- [Exercise description] Copy out each line of the material below that holds the string "imports".

Available data section start

(* For every base $b\ge 2$ there exist infinitely many $b$-wMRH numbers that are not $b$-MRH numbers.
   Context: Fix a base $b\ge 2$. $s_b(N)$ is the sum of the base-$b$ digits of $N$. For a positive integer $X$, its reversal $X^R$ is the integer whose base-$b$ representation is that of $X$ written in reverse order (leading zeros of the result are dropped). A positive integer $N$ is a $b$-wMRH number if there exists an integer $A\ge 0$ such that $N=(A+s_b(N))\cdot(A+s_b(N))^R$. A positive integer $N$ is a $b$-MRH number if there exists a positive integer $M$ such that $N=(M s_b(N))\cdot (M s_b(N))^R$. *)

theory Defs
  imports Main
begin

fun digits :: "nat \<Rightarrow> nat \<Rightarrow> nat list" where
  "digits b n = (if b < 2 \<or> n = 0 then [] else n mod b # digits b (n div b))"

declare digits.simps[simp del]

fun from_digits :: "nat \<Rightarrow> nat list \<Rightarrow> nat" where
  "from_digits b [] = 0"
| "from_digits b (d # ds) = d + b * from_digits b ds"

definition digit_sum :: "nat \<Rightarrow> nat \<Rightarrow> nat" where
  "digit_sum b n = sum_list (digits b n)"

text \<open>Reversal: read the base-b digits of X in reverse order (leading zeros vanish).\<close>
definition reversal :: "nat \<Rightarrow> nat \<Rightarrow> nat" where
  "reversal b X = from_digits b (rev (digits b X))"

definition wMRH :: "nat \<Rightarrow> nat \<Rightarrow> bool" where
  "wMRH b N \<longleftrightarrow> N > 0 \<and>
     (\<exists>A::nat. N = (A + digit_sum b N) * reversal b (A + digit_sum b N))"

definition MRH :: "nat \<Rightarrow> nat \<Rightarrow> bool" where
  "MRH b N \<longleftrightarrow> N > 0 \<and>
     (\<exists>M::nat. M > 0 \<and> N = (M * digit_sum b N) * reversal b (M * digit_sum b N))"

end

theory Submission
  imports Defs "HOL-Library.Infinite_Set"
begin

text \<open>Take \<open>X = b^k - 1\<close>, the palindrome of \<open>k\<close> digits \<open>b - 1\<close>, and \<open>N = X^2\<close>. The base-\<open>b\<close>
  digits of \<open>N = (b^k - 2) b^k + 1\<close> are \<open>1\<close>, then \<open>k - 1\<close> zeros, then \<open>b - 2\<close>, then \<open>k - 1\<close>
  digits \<open>b - 1\<close>, so \<open>s_b(N) = k(b - 1) \<le> X\<close> and \<open>N = X \<cdot> X^R\<close> is \<open>b\<close>-wMRH with
  \<open>A = X - s_b(N)\<close>. For an MRH number the digit sum divides \<open>N\<close>; but when \<open>b\<close> divides \<open>k\<close>
  it also divides \<open>s_b(N)\<close>, while \<open>N \<equiv> 1 (mod b)\<close>. Letting \<open>k\<close> run through the multiples
  of \<open>b\<close> gives infinitely many such \<open>N\<close>.\<close>

lemma digit_sum_0 [simp]: "digit_sum b 0 = 0"
  unfolding digit_sum_def by (simp add: digits.simps)

lemma digit_sum_rec:
  assumes "b \<ge> 2"
  shows "digit_sum b n = n mod b + digit_sum b (n div b)"
  unfolding digit_sum_def using assms
  by (cases "n = 0") (simp_all add: digits.simps[of b n] digits.simps[of b 0])

lemma digit_sum_digit:
  assumes "b \<ge> 2" and "d < b"
  shows "digit_sum b d = d"
  using digit_sum_rec[OF assms(1), of d] assms(2) by simp

lemma digit_sum_le:
  assumes "b \<ge> 2"
  shows "digit_sum b n \<le> n"
proof (induction n rule: less_induct)
  case (less n)
  show ?case
  proof (cases "n = 0")
    case False
    then have "digit_sum b (n div b) \<le> n div b"
      using assms by (intro less.IH) simp
    moreover have "n mod b + n div b \<le> n"
    proof -
      have "n div b \<le> n div b * b"
        using assms by simp
      then show ?thesis
        using div_mult_mod_eq[of n b] by linarith
    qed
    ultimately show ?thesis
      using digit_sum_rec[OF assms, of n] by linarith
  qed simp
qed

lemma digit_sum_mult_power_add:
  assumes "b \<ge> 2" and "r < b ^ k"
  shows "digit_sum b (q * b ^ k + r) = digit_sum b q + digit_sum b r"
  using assms(2)
proof (induction k arbitrary: r)
  case (Suc k)
  have split: "q * b ^ Suc k + r = r + (q * b ^ k) * b"
    by (simp add: algebra_simps)
  have mod_eq: "(q * b ^ Suc k + r) mod b = r mod b"
    unfolding split by (rule mod_mult_self1)
  have div_eq: "(q * b ^ Suc k + r) div b = q * b ^ k + r div b"
    unfolding split using assms(1) by simp
  have "r div b < b ^ k"
    using Suc.prems assms(1) by (simp add: div_less_iff_less_mult mult.commute)
  then show ?case
    using Suc.IH digit_sum_rec[OF assms(1), of "q * b ^ Suc k + r"]
      digit_sum_rec[OF assms(1), of r] mod_eq div_eq by simp
qed simp

lemma from_digits_digits:
  assumes "b \<ge> 2"
  shows "from_digits b (digits b n) = n"
proof (induction n rule: less_induct)
  case (less n)
  show ?case
  proof (cases "n = 0")
    case True
    then show ?thesis by (simp add: digits.simps)
  next
    case False
    then have "from_digits b (digits b (n div b)) = n div b"
      using assms by (intro less.IH) simp
    then show ?thesis
      using False assms by (subst digits.simps) simp
  qed
qed

lemma power_minus_one_eq:
  assumes "(b::nat) \<ge> 1"
  shows "b ^ Suc k - 1 = (b ^ k - 1) * b + (b - 1)"
proof -
  have "b ^ k \<ge> 1"
    using assms by simp
  then show ?thesis
    using assms by (simp add: algebra_simps diff_mult_distrib)
qed

lemma digits_mult_add:
  assumes "b \<ge> 2" and "d < b" and "q * b + d \<noteq> 0"
  shows "digits b (q * b + d) = d # digits b q"
  using assms by (subst digits.simps) simp

lemma digits_power_minus_one:
  assumes "b \<ge> 2"
  shows "digits b (b ^ k - 1) = replicate k (b - 1)"
proof (induction k)
  case 0
  then show ?case by (simp add: digits.simps)
next
  case (Suc k)
  have eq: "b ^ Suc k - 1 = (b ^ k - 1) * b + (b - 1)"
    using assms by (intro power_minus_one_eq) simp
  have "b ^ Suc k \<ge> b"
    using assms by simp
  then have "(b ^ k - 1) * b + (b - 1) \<noteq> 0"
    using assms eq by linarith
  with eq show ?case
    using Suc.IH digits_mult_add[OF assms, of "b - 1" "b ^ k - 1"] assms by simp
qed

lemma digit_sum_power_minus_one:
  assumes "b \<ge> 2"
  shows "digit_sum b (b ^ k - 1) = k * (b - 1)"
  unfolding digit_sum_def digits_power_minus_one[OF assms] by (simp add: sum_list_replicate)

lemma reversal_power_minus_one:
  assumes "b \<ge> 2"
  shows "reversal b (b ^ k - 1) = b ^ k - 1"
  unfolding reversal_def
  using digits_power_minus_one[OF assms, of k] from_digits_digits[OF assms, of "b ^ k - 1"]
  by simp

lemma power_minus_one_squared:
  assumes "(x::nat) \<ge> 2"
  shows "(x - 1)\<^sup>2 = (x - 2) * x + 1"
proof -
  obtain y where "x = y + 2"
    using assms le_Suc_ex by (metis add.commute)
  then show ?thesis
    by (simp add: power2_eq_square algebra_simps)
qed

lemma digit_sum_power_minus_one_squared:
  assumes b: "b \<ge> 2" and k: "k \<ge> 1"
  shows "digit_sum b ((b ^ k - 1)\<^sup>2) = k * (b - 1)"
proof -
  obtain j where j: "k = Suc j"
    using k by (cases k) auto
  have bk: "b ^ k \<ge> 2"
    using b k self_le_power[of b k] by simp
  have "b ^ k - 2 = (b ^ j - 1) * b + (b - 2)"
    using power_minus_one_eq[of b j] b j by simp
  then have "digit_sum b (b ^ k - 2) = j * (b - 1) + (b - 2)"
    using digit_sum_mult_power_add[OF b, of "b - 2" 1 "b ^ j - 1"]
      digit_sum_power_minus_one[OF b] digit_sum_digit[OF b, of "b - 2"] b by simp
  moreover have "digit_sum b ((b ^ k - 1)\<^sup>2) = digit_sum b (b ^ k - 2) + 1"
    unfolding power_minus_one_squared[OF bk]
    using digit_sum_mult_power_add[OF b, of 1 k "b ^ k - 2"] digit_sum_digit[OF b, of 1] bk b
    by simp
  moreover obtain c where "b = c + 2"
    using b le_Suc_ex by (metis add.commute)
  ultimately show ?thesis
    using j by (simp add: algebra_simps)
qed

lemma power_minus_one_squared_mod:
  assumes "(b::nat) \<ge> 2" and "k \<ge> 1"
  shows "(b ^ k - 1)\<^sup>2 mod b = 1"
proof -
  obtain j where j: "k = Suc j"
    using assms(2) by (cases k) auto
  have "b ^ k \<ge> 2"
    using assms self_le_power[of b k] by simp
  then have "(b ^ k - 1)\<^sup>2 = 1 + ((b ^ k - 2) * b ^ j) * b"
    using power_minus_one_squared[of "b ^ k"] j by (simp add: algebra_simps)
  then have "(b ^ k - 1)\<^sup>2 mod b = 1 mod b"
    by (simp only: mod_mult_self1)
  then show ?thesis
    using assms(1) by simp
qed

lemma wMRH_mult_reversal:
  assumes "N = X * reversal b X" and "N > 0" and "digit_sum b N \<le> X"
  shows "wMRH b N"
  unfolding wMRH_def
proof (intro conjI exI)
  show "N = (X - digit_sum b N + digit_sum b N) * reversal b (X - digit_sum b N + digit_sum b N)"
    using assms(1,3) by simp
qed (rule assms(2))

lemma MRH_digit_sum_dvd:
  assumes "MRH b N"
  shows "digit_sum b N dvd N"
proof -
  obtain M where eq: "N = M * digit_sum b N * reversal b (M * digit_sum b N)"
    using assms unfolding MRH_def by blast
  have "digit_sum b N dvd M * digit_sum b N * reversal b (M * digit_sum b N)"
    by simp
  from this[folded eq] show ?thesis .
qed

lemma wMRH_not_MRH_power_minus_one_squared:
  assumes b: "b \<ge> 2" and k: "k \<ge> 1" and "b dvd k"
  shows "wMRH b ((b ^ k - 1)\<^sup>2) \<and> \<not> MRH b ((b ^ k - 1)\<^sup>2)"
proof
  let ?N = "(b ^ k - 1)\<^sup>2"
  have s: "digit_sum b ?N = k * (b - 1)"
    using digit_sum_power_minus_one_squared[OF b k] .
  have N_mod: "?N mod b = 1"
    using power_minus_one_squared_mod[OF b k] .
  have "?N = (b ^ k - 1) * reversal b (b ^ k - 1)"
    unfolding reversal_power_minus_one[OF b] power2_eq_square ..
  moreover have "?N > 0"
    using N_mod by (intro gr0I) auto
  ultimately show "wMRH b ?N"
    using s digit_sum_le[OF b, of "b ^ k - 1"] digit_sum_power_minus_one[OF b, of k]
    by (intro wMRH_mult_reversal) auto
  show "\<not> MRH b ?N"
  proof
    assume "MRH b ?N"
    moreover have "b dvd digit_sum b ?N"
      using s \<open>b dvd k\<close> by simp
    ultimately have "b dvd ?N"
      using MRH_digit_sum_dvd dvd_trans by blast
    with N_mod b show False
      by simp
  qed
qed

theorem mainTheorem15:
  fixes b :: nat
  assumes "b \<ge> 2"
  shows "infinite {N::nat. wMRH b N \<and> \<not> MRH b N}"
  unfolding infinite_nat_iff_unbounded
proof
  fix n
  define k where "k = b * (n + 1)"
  have "1 * (n + 1) \<le> k"
    using assms unfolding k_def by (intro mult_le_mono1) simp
  then have k: "k \<ge> 1" "b dvd k" "n < k"
    unfolding k_def by auto
  have "k * 1 \<le> k * (b - 1)"
    using assms by (intro mult_le_mono2) simp
  also have "k * (b - 1) \<le> b ^ k - 1"
    using digit_sum_le[OF assms] digit_sum_power_minus_one[OF assms] by metis
  also have "\<dots> \<le> (b ^ k - 1)\<^sup>2"
    unfolding power2_eq_square by (rule le_square)
  finally show "\<exists>N > n. N \<in> {N. wMRH b N \<and> \<not> MRH b N}"
    using k wMRH_not_MRH_power_minus_one_squared[OF assms k(1,2)]
    by (intro exI[of _ "(b ^ k - 1)\<^sup>2"]) simp
qed

end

Available data section end

- [Response to the task]
  imports Main
  imports Defs "HOL-Library.Infinite_Set"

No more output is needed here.